— Ладно, хорошо, хрен с тобой… И что, прикажешь опять тащиться на гребаный восток, да?
— Да.
— Несмотря даже на то, что этот твой сраный восток с какого-то хрена сидит теперь вон в тех чертовых дебрях — наверняка очень расхоженных, обжитых и вообще каждый день кого-то через себя пропускающих? Когда этот кто-то без мяса да костей, конечно, а так — издохший под руководством такого же олуха святой дух…
— Несмотря даже на это, да, — сучий упрямый Белый, набивший бараньи рожищи, не повел и бровью, продолжая всё так же стоять и уже не поправлять забранный в кулак хвост, а нагло и настырно удерживать тот в заложниках, чтобы если и вырваться — то с печальными болезненными потерями.
— И тебе плевать, что эта херотень все равно до усрачки похожа на флюгер?
— Плевать, потому что это не флюгер: сам посмотри, ну. Ветер же дует, а он и не собирается двигаться.
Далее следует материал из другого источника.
(* Let $N$ be a simple-$\mathcal F$-divisible $R$-module which is supplemented. Then: (a) $N$ is hollow; (b) for every Artinian submodule $V\subsetneq N$ there exists $\mathfrak a_0\in\mathcal F$ with $\mathfrak a_0V=0$, and there is an epimorphism $N/V\twoheadrightarrow N$; (c) if moreover every submodule of $N$ is supplemented, then every nonzero factor module of $N$ is again simple-$\mathcal F$-divisible.
   Context: Throughout, $R$ is a commutative Noetherian local ring, and $\mathcal F$ is a Gabriel topology on $R$: a nonempty set of ideals of $R$ such that (1) if $\mathfrak a\in\mathcal F$ and $\mathfrak a\subseteq\mathfrak b$ then $\mathfrak b\in\mathcal F$; (2) if $\mathfrak a,\mathfrak b\in\mathcal F$ then $\mathfrak a\cap\mathfrak b\in\mathcal F$; (3) if $\mathfrak b$ is an ideal and there is $\mathfrak a\in\mathcal F$ with $(\mathfrak b:r)\in\mathcal F$ for all $r\in\mathfrak a$, then $\mathfrak b\in\mathcal F$. A module $X$ is $\mathcal F$-divisible if $\mathfrak aX=X$ for all $\mathfrak a\in\mathcal F$. $N$ is simple-$\mathcal F$-divisible if $N\ne0$, $N$ is $\mathcal F$-divisible, and no submodule $0\neq V\subsetneq N$ is $\mathcal F$-divisible. A module $N$ is supplemented if for every submodule $V\subseteq N$ there is a submodule $W$ (a supplement of $V$) which is minimal among submodules with $V+W=N$. A module $N\ne0$ is hollow (couniform) if every proper submodule $V\subsetneq N$ is small in $N$, i.e. $V+W=N$ implies $W=N$. *)

theory Defs
  imports Main "HOL.Modules"
begin

definition is_ideal :: "'a::comm_ring_1 set \<Rightarrow> bool" where
  "is_ideal I \<longleftrightarrow> 0 \<in> I \<and> (\<forall>x\<in>I. \<forall>y\<in>I. x + y \<in> I) \<and> (\<forall>r. \<forall>x\<in>I. r * x \<in> I)"

definition noetherian_ring :: "'a::comm_ring_1 itself \<Rightarrow> bool" where
  "noetherian_ring _ \<longleftrightarrow>
     (\<forall>I::'a set. is_ideal I \<longrightarrow> (\<exists>S. finite S \<and> I = module.span (*) S))"

definition maximal_ideal :: "'a::comm_ring_1 set \<Rightarrow> bool" where
  "maximal_ideal m \<longleftrightarrow> is_ideal m \<and> m \<noteq> UNIV \<and>
     (\<forall>J. is_ideal J \<and> m \<subseteq> J \<longrightarrow> J = m \<or> J = UNIV)"

definition local_ring :: "'a::comm_ring_1 itself \<Rightarrow> bool" where
  "local_ring _ \<longleftrightarrow> (\<exists>!m::'a set. maximal_ideal m)"

definition colon_ideal :: "'a::comm_ring_1 set \<Rightarrow> 'a \<Rightarrow> 'a set" where
  "colon_ideal b r = {s. s * r \<in> b}"

definition gabriel_topology :: "'a::comm_ring_1 set set \<Rightarrow> bool" where
  "gabriel_topology F \<longleftrightarrow>
     F \<noteq> {} \<and> (\<forall>a\<in>F. is_ideal a) \<and>
     (\<forall>a b. a \<in> F \<and> is_ideal b \<and> a \<subseteq> b \<longrightarrow> b \<in> F) \<and>
     (\<forall>a\<in>F. \<forall>b\<in>F. a \<inter> b \<in> F) \<and>
     (\<forall>b. is_ideal b \<and> (\<exists>a\<in>F. \<forall>r\<in>a. colon_ideal b r \<in> F) \<longrightarrow> b \<in> F)"

text \<open>All modules are submodules (sets) of an ambient R-module given by
  the scalar multiplication sc on the type 'm.\<close>

definition msum :: "'m::ab_group_add set \<Rightarrow> 'm set \<Rightarrow> 'm set" where
  "msum V W = {v + w | v w. v \<in> V \<and> w \<in> W}"

definition ideal_mult ::
  "('a::comm_ring_1 \<Rightarrow> 'm::ab_group_add \<Rightarrow> 'm) \<Rightarrow> 'a set \<Rightarrow> 'm set \<Rightarrow> 'm set" where
  "ideal_mult sc a V = module.span sc {sc r v | r v. r \<in> a \<and> v \<in> V}"

definition F_divisible ::
  "('a::comm_ring_1 \<Rightarrow> 'm::ab_group_add \<Rightarrow> 'm) \<Rightarrow> 'a set set \<Rightarrow> 'm set \<Rightarrow> bool" where
  "F_divisible sc F X \<longleftrightarrow> (\<forall>a\<in>F. ideal_mult sc a X = X)"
Много ты таких флюгеров видел?
— Не много… — нехотя, сквозь зубы, кожей чувствуя шепот пропахшего майским костром пройдохи-Белтейна сквозняка, выдавил Кристап. — Но пофиг, ясное дело, что он мог тупо сломаться…
— Что, и один, и другой? Не смеши меня, милый мой дурень. Давай-ка прекращай ослиться и пойдем с тобой дальше — мне бы хотелось прибыть на место до наступления темноты: справочник говорил, что тут не больше одиннадцати километров пешего пути, так что скоро мы должны прибыть, да и других тропинок в округе все равно нет, так что не заблудимся, уверяю тебя.
Кристап промолчал, стиснул челюсти, с новой порцией недоверия поглазел на проклятую дуру-бригантину, накрытую кителью спускающейся с загорающегося небосклона брусники. Он бы и рад сказать, что здесь, вообще-то, тоже никаких тропинок нет, что Белый попросту неминучий кретин, что черта с два они придут хоть куда-нибудь, кроме задницы мира, задрапированной праздника ради буреломом из ядовитого кустарника да смердящего канавьего болота, но…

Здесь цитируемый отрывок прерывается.